> _Your goal_
From the records below, print exactly the lines starting at the one containing "K j) \<le> (M" and ending at the one containing "(\<lambda>j. norm (a", ends included, and nothing else.

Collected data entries
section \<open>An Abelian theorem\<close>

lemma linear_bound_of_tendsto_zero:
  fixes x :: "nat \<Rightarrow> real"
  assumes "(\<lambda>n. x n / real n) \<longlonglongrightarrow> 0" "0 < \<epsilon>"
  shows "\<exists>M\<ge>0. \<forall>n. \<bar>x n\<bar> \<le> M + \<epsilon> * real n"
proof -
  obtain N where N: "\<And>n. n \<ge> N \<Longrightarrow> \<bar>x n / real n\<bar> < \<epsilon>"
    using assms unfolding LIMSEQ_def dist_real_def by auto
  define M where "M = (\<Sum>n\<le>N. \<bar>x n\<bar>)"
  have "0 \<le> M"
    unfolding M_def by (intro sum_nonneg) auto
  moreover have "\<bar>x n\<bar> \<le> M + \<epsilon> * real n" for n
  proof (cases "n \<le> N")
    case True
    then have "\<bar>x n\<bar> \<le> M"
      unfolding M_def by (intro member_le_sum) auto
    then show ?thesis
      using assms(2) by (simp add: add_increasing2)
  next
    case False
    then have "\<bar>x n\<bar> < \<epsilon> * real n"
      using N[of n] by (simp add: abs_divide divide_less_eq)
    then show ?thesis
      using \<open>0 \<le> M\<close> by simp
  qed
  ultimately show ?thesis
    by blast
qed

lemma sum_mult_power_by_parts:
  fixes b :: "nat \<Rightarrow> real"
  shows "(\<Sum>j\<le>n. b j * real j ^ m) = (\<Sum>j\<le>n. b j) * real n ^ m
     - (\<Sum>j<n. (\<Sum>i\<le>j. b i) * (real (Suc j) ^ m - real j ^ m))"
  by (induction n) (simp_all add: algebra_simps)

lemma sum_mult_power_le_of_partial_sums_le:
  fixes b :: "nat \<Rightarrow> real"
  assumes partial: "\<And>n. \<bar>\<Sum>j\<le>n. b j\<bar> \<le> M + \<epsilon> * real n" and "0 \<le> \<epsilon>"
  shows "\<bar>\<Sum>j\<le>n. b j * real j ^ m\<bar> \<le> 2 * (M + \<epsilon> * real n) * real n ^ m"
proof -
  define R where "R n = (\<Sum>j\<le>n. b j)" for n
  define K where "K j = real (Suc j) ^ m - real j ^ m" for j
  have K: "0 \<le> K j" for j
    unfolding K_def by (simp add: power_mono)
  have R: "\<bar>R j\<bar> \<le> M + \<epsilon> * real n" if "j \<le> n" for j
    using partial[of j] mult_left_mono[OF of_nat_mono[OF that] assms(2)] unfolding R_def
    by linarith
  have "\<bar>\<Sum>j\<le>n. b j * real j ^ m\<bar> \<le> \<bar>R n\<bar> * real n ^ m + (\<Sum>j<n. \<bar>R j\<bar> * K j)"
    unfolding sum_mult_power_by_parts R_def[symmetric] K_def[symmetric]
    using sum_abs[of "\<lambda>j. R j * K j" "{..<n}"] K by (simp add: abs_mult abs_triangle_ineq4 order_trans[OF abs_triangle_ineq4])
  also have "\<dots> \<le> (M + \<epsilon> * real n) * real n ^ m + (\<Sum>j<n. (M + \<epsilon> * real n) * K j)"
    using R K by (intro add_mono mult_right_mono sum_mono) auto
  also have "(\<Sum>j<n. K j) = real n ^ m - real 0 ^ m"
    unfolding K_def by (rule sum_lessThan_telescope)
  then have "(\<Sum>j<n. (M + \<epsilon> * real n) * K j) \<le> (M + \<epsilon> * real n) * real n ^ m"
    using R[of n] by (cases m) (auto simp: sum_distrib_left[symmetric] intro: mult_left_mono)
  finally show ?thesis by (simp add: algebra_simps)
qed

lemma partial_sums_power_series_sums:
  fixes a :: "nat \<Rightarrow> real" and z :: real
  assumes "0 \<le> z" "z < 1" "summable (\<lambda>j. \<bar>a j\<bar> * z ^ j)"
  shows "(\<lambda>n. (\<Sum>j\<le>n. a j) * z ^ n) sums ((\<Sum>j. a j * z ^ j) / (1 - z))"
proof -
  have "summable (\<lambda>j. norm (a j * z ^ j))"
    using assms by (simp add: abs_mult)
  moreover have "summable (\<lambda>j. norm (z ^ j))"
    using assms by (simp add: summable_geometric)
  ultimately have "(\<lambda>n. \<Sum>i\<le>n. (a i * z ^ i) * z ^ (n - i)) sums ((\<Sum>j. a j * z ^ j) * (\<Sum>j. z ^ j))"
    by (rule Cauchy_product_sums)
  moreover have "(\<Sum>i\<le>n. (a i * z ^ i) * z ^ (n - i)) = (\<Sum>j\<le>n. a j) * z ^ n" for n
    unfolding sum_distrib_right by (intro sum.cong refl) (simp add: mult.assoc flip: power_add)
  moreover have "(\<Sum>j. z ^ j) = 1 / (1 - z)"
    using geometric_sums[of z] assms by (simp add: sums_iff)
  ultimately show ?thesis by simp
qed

> _Written solution_
  then have "(\<Sum>j<n. (M + \<epsilon> * real n) * K j) \<le> (M + \<epsilon> * real n) * real n ^ m"
    using R[of n] by (cases m) (auto simp: sum_distrib_left[symmetric] intro: mult_left_mono)
  finally show ?thesis by (simp add: algebra_simps)
qed

lemma partial_sums_power_series_sums:
  fixes a :: "nat \<Rightarrow> real" and z :: real
  assumes "0 \<le> z" "z < 1" "summable (\<lambda>j. \<bar>a j\<bar> * z ^ j)"
  shows "(\<lambda>n. (\<Sum>j\<le>n. a j) * z ^ n) sums ((\<Sum>j. a j * z ^ j) / (1 - z))"
proof -
  have "summable (\<lambda>j. norm (a j * z ^ j))"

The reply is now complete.